Acute stress is usually unproblematic when:
- the stress is temporary
- relaxation afterwards is clearly possible
- sleep and recovery return to normal
Chronic stress: When the cortisol rhythm becomes disrupted
Chronic stress develops when stressors are no longer occasional but persist over extended periods – for example, due to ongoing time pressure, emotional strain, or a lack of genuine recovery phases. Biologically, this means the stress system no longer reliably “switches off”. Cortisol release remains elevated or loses its normally structured daily rhythm.
Instead of a pronounced morning peak followed by a gradual decline, cortisol patterns may become flattened or shifted. Research suggests such altered patterns are associated with persistent fatigue, sleep disturbances, and reduced stress resilience. The body remains functionally in a state of alert while recovery and repair processes are insufficient – a state that disrupts long-term energy balance and promotes exhaustion.
“Wired but tired”
“Wired but tired” describes a state in which inner tension and physical exhaustion occur simultaneously. The stress system remains chronically activated: the body continues sending activation and alert signals while actual energy reserves are already depleted. Affected individuals may feel mentally alert, tense, or restless, yet physically fatigued and less resilient. Biologically, this pattern reflects a persistently active stress response with disrupted cortisol dynamics, where activation is no longer reliably followed by recovery.
Cortisol & energy at the cellular level: Mitochondria under constant strain
Energy is not produced by hormones themselves, but in the mitochondria – the energy-producing organelles within cells. Hormones such as cortisol influence this process indirectly by regulating when and how much energy is provided and used. During prolonged stress, energy demand remains elevated, particularly in the brain, which requires significant energy for attention, emotional regulation, and continuous sensory processing.

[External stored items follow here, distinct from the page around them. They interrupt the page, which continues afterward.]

(* Let $(X,\mathcal{S})$ be a finite set system with $|X|=n=2^k$ for an integer $k\ge1$, and let the packings $\mathcal{F}_j$, the chains $F_j(S)$, the classes $\mathcal{S}_i$ and the families $\mathcal{F}_j^i$ be as defined in the context. Then for every $1\le i\le k$, every $S\in\mathcal{S}_i$ and every $j$ with $i-1\le j\le k$, $$|S\triangle F_j(S)|<\frac{n}{2^{j-1}} .$$
   Context: $\triangle$ denotes symmetric difference. Construction: set $\mathcal{F}_0=\{\emptyset\}$, and for $j=1,\dots,k$ let $\mathcal{F}_j\subseteq\mathcal{S}$ be a family that is maximal under inclusion subject to $|F\triangle F'|>n/2^j$ for all distinct $F,F'\in\mathcal{F}_j$. For $S\in\mathcal{S}$ define the nearest-neighbor chain $F_k(S):=S$ and, for $j=k,k-1,\dots,1$, let $F_{j-1}(S)$ be an element of $\mathcal{F}_{j-1}$ minimizing $|F_j(S)\triangle F|$ over $F\in\mathcal{F}_{j-1}$. For $i=1,\dots,k$ let $\mathcal{S}_i=\{S\in\mathcal{S}: n/2^i\le|S|<n/2^{i-1}\}$, and for $j=i-1,\dots,k$ let $\mathcal{F}_j^i=\{F_j(S):S\in\mathcal{S}_i\}$. *)

theory Defs
  imports Complex_Main
begin

definition sep_family :: "'a set set \<Rightarrow> real \<Rightarrow> 'a set set \<Rightarrow> bool" where
  "sep_family SS r P \<longleftrightarrow> P \<subseteq> SS \<and>
     (\<forall>F\<in>P. \<forall>F'\<in>P. F \<noteq> F' \<longrightarrow> real (card (sym_diff F F')) > r)"

definition maximal_sep_family :: "'a set set \<Rightarrow> real \<Rightarrow> 'a set set \<Rightarrow> bool" where
  "maximal_sep_family SS r P \<longleftrightarrow> sep_family SS r P \<and>
     (\<forall>Q. sep_family SS r Q \<and> P \<subseteq> Q \<longrightarrow> Q = P)"

end

theory Submission
  imports Defs
begin

text \<open>Maximality of the packing F_j makes it an (n/2^j)-net of the system, so each step
  F_l(S) to F_(l-1)(S) of the nearest-neighbour chain moves by at most n/2^(l-1). By the
  triangle inequality for the size of the symmetric difference, |S \<triangle> F_j(S)| is at most the
  geometric tail sum over j < l \<le> k of n/2^(l-1), which equals n(2/2^j - 2/2^k) < n/2^(j-1).\<close>

lemma maximal_sep_family_covers:
  assumes "maximal_sep_family SS r P" "S \<in> SS" "r \<ge> 0"
  shows "\<exists>F\<in>P. real (card (sym_diff S F)) \<le> r"
proof (rule ccontr)
  assume far: "\<not> ?thesis"
  then have "S \<notin> P" using assms(3) by fastforce
  moreover have "sep_family SS r (insert S P)"
    using assms(1,2) far unfolding maximal_sep_family_def sep_family_def
    by (auto simp: Un_commute not_le)
  then have "insert S P = P" using assms(1) unfolding maximal_sep_family_def by blast
  ultimately show False by blast
qed

lemma card_sym_diff_triangle:
  assumes "finite A" "finite B" "finite C"
  shows "card (sym_diff A C) \<le> card (sym_diff A B) + card (sym_diff B C)"
proof -
  have "card (sym_diff A C) \<le> card (sym_diff A B \<union> sym_diff B C)"
    by (rule card_mono) (use assms in auto)
  also have "\<dots> \<le> card (sym_diff A B) + card (sym_diff B C)" by (rule card_Un_le)
  finally show ?thesis .
qed

lemma card_sym_diff_telescope:
  fixes c :: "nat \<Rightarrow> 'a set"
  assumes "j \<le> k" "\<And>l. j \<le> l \<Longrightarrow> l \<le> k \<Longrightarrow> finite (c l)"
  shows "card (sym_diff (c k) (c j)) \<le> (\<Sum>l\<in>{j<..k}. card (sym_diff (c l) (c (l - 1))))"
  using assms
proof (induction k)
  case 0
  then show ?case by simp
next
  case (Suc k)
  show ?case
  proof (cases "j = Suc k")
    case True
    then show ?thesis by simp
  next
    case False
    then have j: "j \<le> k" using Suc.prems(1) by simp
    have "card (sym_diff (c (Suc k)) (c j))
        \<le> card (sym_diff (c (Suc k)) (c k)) + card (sym_diff (c k) (c j))"
      by (rule card_sym_diff_triangle) (use j Suc.prems(2) in auto)
    also have "\<dots> \<le> card (sym_diff (c (Suc k)) (c k))
        + (\<Sum>l\<in>{j<..k}. card (sym_diff (c l) (c (l - 1))))"
      using Suc.IH j Suc.prems(2) by simp
    also have "\<dots> = (\<Sum>l\<in>{j<..Suc k}. card (sym_diff (c l) (c (l - 1))))"
      using j by (simp add: atLeastSucAtMost_greaterThanAtMost[symmetric] add.commute)
    finally show ?thesis .
  qed
qed

lemma sum_inverse_powers_of_two:
  assumes "j \<le> k"
  shows "(\<Sum>l\<in>{j<..k}. 1 / 2 ^ (l - 1) :: real) = 2 / 2 ^ j - 2 / 2 ^ k"
  using assms
proof (induction k)
  case 0
  then show ?case by simp
next
  case (Suc k)
  show ?case
  proof (cases "j = Suc k")
    case True
    then show ?thesis by simp
  next
    case False
    then have "j \<le> k" using Suc.prems by simp
    then have "(\<Sum>l\<in>{j<..Suc k}. 1 / 2 ^ (l - 1) :: real) = 2 / 2 ^ j - 2 / 2 ^ k + 1 / 2 ^ k"
      using Suc.IH by (simp add: atLeastSucAtMost_greaterThanAtMost[symmetric])
    then show ?thesis by simp
  qed
qed

locale nearest_neighbour_chain =
  fixes X :: "'a set" and SS :: "'a set set" and n k :: nat
    and Fam :: "nat \<Rightarrow> 'a set set" and ch :: "nat \<Rightarrow> 'a set \<Rightarrow> 'a set"
  assumes finite_X: "finite X"
    and SS_subset: "SS \<subseteq> Pow X"
    and k_pos: "k \<ge> 1"
    and card_X: "card X = n"
    and Fam_0: "Fam 0 = {{}}"
    and Fam_maximal: "\<And>j. 1 \<le> j \<Longrightarrow> j \<le> k \<Longrightarrow> maximal_sep_family SS (real n / 2 ^ j) (Fam j)"
    and ch_top: "\<And>S. S \<in> SS \<Longrightarrow> ch k S = S"
    and ch_step: "\<And>S j. S \<in> SS \<Longrightarrow> 1 \<le> j \<Longrightarrow> j \<le> k \<Longrightarrow>
        ch (j - 1) S \<in> Fam (j - 1) \<and>
        (\<forall>F\<in>Fam (j - 1). card (sym_diff (ch j S) (ch (j - 1) S)) \<le> card (sym_diff (ch j S) F))"
begin

lemma ch_in_SS:
  assumes "S \<in> SS" "1 \<le> l" "l \<le> k"
  shows "ch l S \<in> SS"
proof (cases "l = k")
  case True
  then show ?thesis using ch_top assms(1) by simp
next
  case False
  have "ch l S \<in> Fam l" using ch_step[OF assms(1), of "Suc l"] assms False by simp
  moreover have "Fam l \<subseteq> SS"
    using Fam_maximal[OF assms(2)] assms(3)
    unfolding maximal_sep_family_def sep_family_def by simp
  ultimately show ?thesis by blast
qed

lemma finite_ch:
  assumes "S \<in> SS" "l \<le> k"
  shows "finite (ch l S)"
proof (cases "l = 0")
  case True
  then show ?thesis using ch_step[OF assms(1), of 1] k_pos Fam_0 by simp
next
  case False
  then show ?thesis
    using ch_in_SS[OF assms(1), of l] assms(2) SS_subset finite_X by (auto intro: finite_subset)
qed

lemma card_sym_diff_ch_step:
  assumes S: "S \<in> SS" and l: "1 \<le> l" "l \<le> k"
  shows "real (card (sym_diff (ch l S) (ch (l - 1) S))) \<le> real n / 2 ^ (l - 1)"
proof -
  have chS: "ch l S \<in> SS" using ch_in_SS[OF S l] .
  obtain F where F: "F \<in> Fam (l - 1)" "real (card (sym_diff (ch l S) F)) \<le> real n / 2 ^ (l - 1)"
  proof (cases "l = 1")
    case True
    have "card (ch l S) \<le> n"
      using chS SS_subset card_X finite_X card_mono by blast
    then show ?thesis using that[of "{}"] True Fam_0 by simp
  next
    case False
    then have "maximal_sep_family SS (real n / 2 ^ (l - 1)) (Fam (l - 1))"
      using Fam_maximal[of "l - 1"] l by simp
    from maximal_sep_family_covers[OF this chS] show ?thesis using that by auto
  qed
  moreover have "card (sym_diff (ch l S) (ch (l - 1) S)) \<le> card (sym_diff (ch l S) F)"
    using ch_step[OF S l] F(1) by blast
  ultimately show ?thesis by linarith
qed

lemma card_sym_diff_ch_le:
  assumes S: "S \<in> SS" and j: "j \<le> k"
  shows "real (card (sym_diff S (ch j S))) \<le> real n * (2 / 2 ^ j - 2 / 2 ^ k)"
proof -
  have "card (sym_diff S (ch j S)) \<le> (\<Sum>l\<in>{j<..k}. card (sym_diff (ch l S) (ch (l - 1) S)))"
    using card_sym_diff_telescope[of j k "\<lambda>l. ch l S"] j finite_ch[OF S] ch_top[OF S] by simp
  then have "real (card (sym_diff S (ch j S)))
      \<le> (\<Sum>l\<in>{j<..k}. real (card (sym_diff (ch l S) (ch (l - 1) S))))"
    unfolding of_nat_sum[symmetric] of_nat_le_iff .
  also have "\<dots> \<le> (\<Sum>l\<in>{j<..k}. real n * (1 / 2 ^ (l - 1)))"
  proof (rule sum_mono)
    fix l
    assume "l \<in> {j<..k}"
    then show "real (card (sym_diff (ch l S) (ch (l - 1) S))) \<le> real n * (1 / 2 ^ (l - 1))"
      using card_sym_diff_ch_step[OF S, of l] by simp
  qed
  also have "\<dots> = real n * (2 / 2 ^ j - 2 / 2 ^ k)"
    by (simp only: sum_distrib_left[symmetric] sum_inverse_powers_of_two[OF j])
  finally show ?thesis .
qed

end

theorem mainTheorem5:
  fixes X :: "'a set" and SS :: "'a set set" and n k :: nat
    and Fam :: "nat \<Rightarrow> 'a set set" and ch :: "nat \<Rightarrow> 'a set \<Rightarrow> 'a set"
  assumes finX: "finite X"
    and SSX: "SS \<subseteq> Pow X"
    and k1: "k \<ge> 1"
    and cardX: "card X = n" and n_def: "n = 2 ^ k"
    and Fam0: "Fam 0 = {{}}"
    and Famj: "\<And>j. 1 \<le> j \<Longrightarrow> j \<le> k \<Longrightarrow> maximal_sep_family SS (real n / 2 ^ j) (Fam j)"
    and ch_top: "\<And>S. S \<in> SS \<Longrightarrow> ch k S = S"
    and ch_step: "\<And>S j. S \<in> SS \<Longrightarrow> 1 \<le> j \<Longrightarrow> j \<le> k \<Longrightarrow>
        ch (j - 1) S \<in> Fam (j - 1) \<and>
        (\<forall>F\<in>Fam (j - 1). card (sym_diff (ch j S) (ch (j - 1) S)) \<le> card (sym_diff (ch j S) F))"
  shows "\<forall>i. 1 \<le> i \<and> i \<le> k \<longrightarrow>
           (\<forall>S\<in>{S \<in> SS. real n / 2 ^ i \<le> real (card S) \<and> real (card S) < real n / 2 powr (real i - 1)}.
             (\<forall>j. i - 1 \<le> j \<and> j \<le> k \<longrightarrow>
                real (card (sym_diff S (ch j S))) < real n / 2 powr (real j - 1)))"
proof (intro allI impI ballI)
  interpret nearest_neighbour_chain X SS n k Fam ch
    using assms by unfold_locales
  fix i S j
  assume "S \<in> {S \<in> SS. real n / 2 ^ i \<le> real (card S) \<and> real (card S) < real n / 2 powr (real i - 1)}"
    and "i - 1 \<le> j \<and> j \<le> k"
  then have S: "S \<in> SS" and j: "j \<le> k" by auto
  have "real (card (sym_diff S (ch j S))) \<le> real n * (2 / 2 ^ j - 2 / 2 ^ k)"
    using card_sym_diff_ch_le[OF S j] .
  also have "\<dots> < real n * (2 / 2 ^ j)"
    using n_def by (intro mult_strict_left_mono) auto
  also have "\<dots> = real n / 2 powr (real j - 1)"
    by (simp add: powr_diff powr_realpow)
  finally show "real (card (sym_diff S (ch j S))) < real n / 2 powr (real j - 1)" .
qed

end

However, chronically elevated stress signals can impair mitochondrial efficiency. Studies link chronic stress to increased oxidative stress and reduced mitochondrial adaptability. Instead of responding flexibly to changing demands, mitochondria increasingly operate under unfavourable conditions. The result is not sudden collapse, but gradual energetic imbalance: energy remains temporarily available but is no longer sufficient to sustainably balance stress and recovery.
Conclusion
Stress can increase alertness and performance in the short term – but in the long term it often leads to exhaustion. Cortisol is not an energy hormone, but a central stress signal that helps the body rapidly mobilise existing resources. When this signal remains chronically activated, the body loses its ability to reliably return to recovery mode. Sleep, repair processes, and cellular energy production become disrupted.
Sustainable energy therefore does not arise from constant activation, but from rhythm, regulation, and sufficient recovery. Understanding how stress hormones, the nervous system, and mitochondria interact makes it possible to intervene early – not by applying more pressure, but by restoring balance between activation and recovery.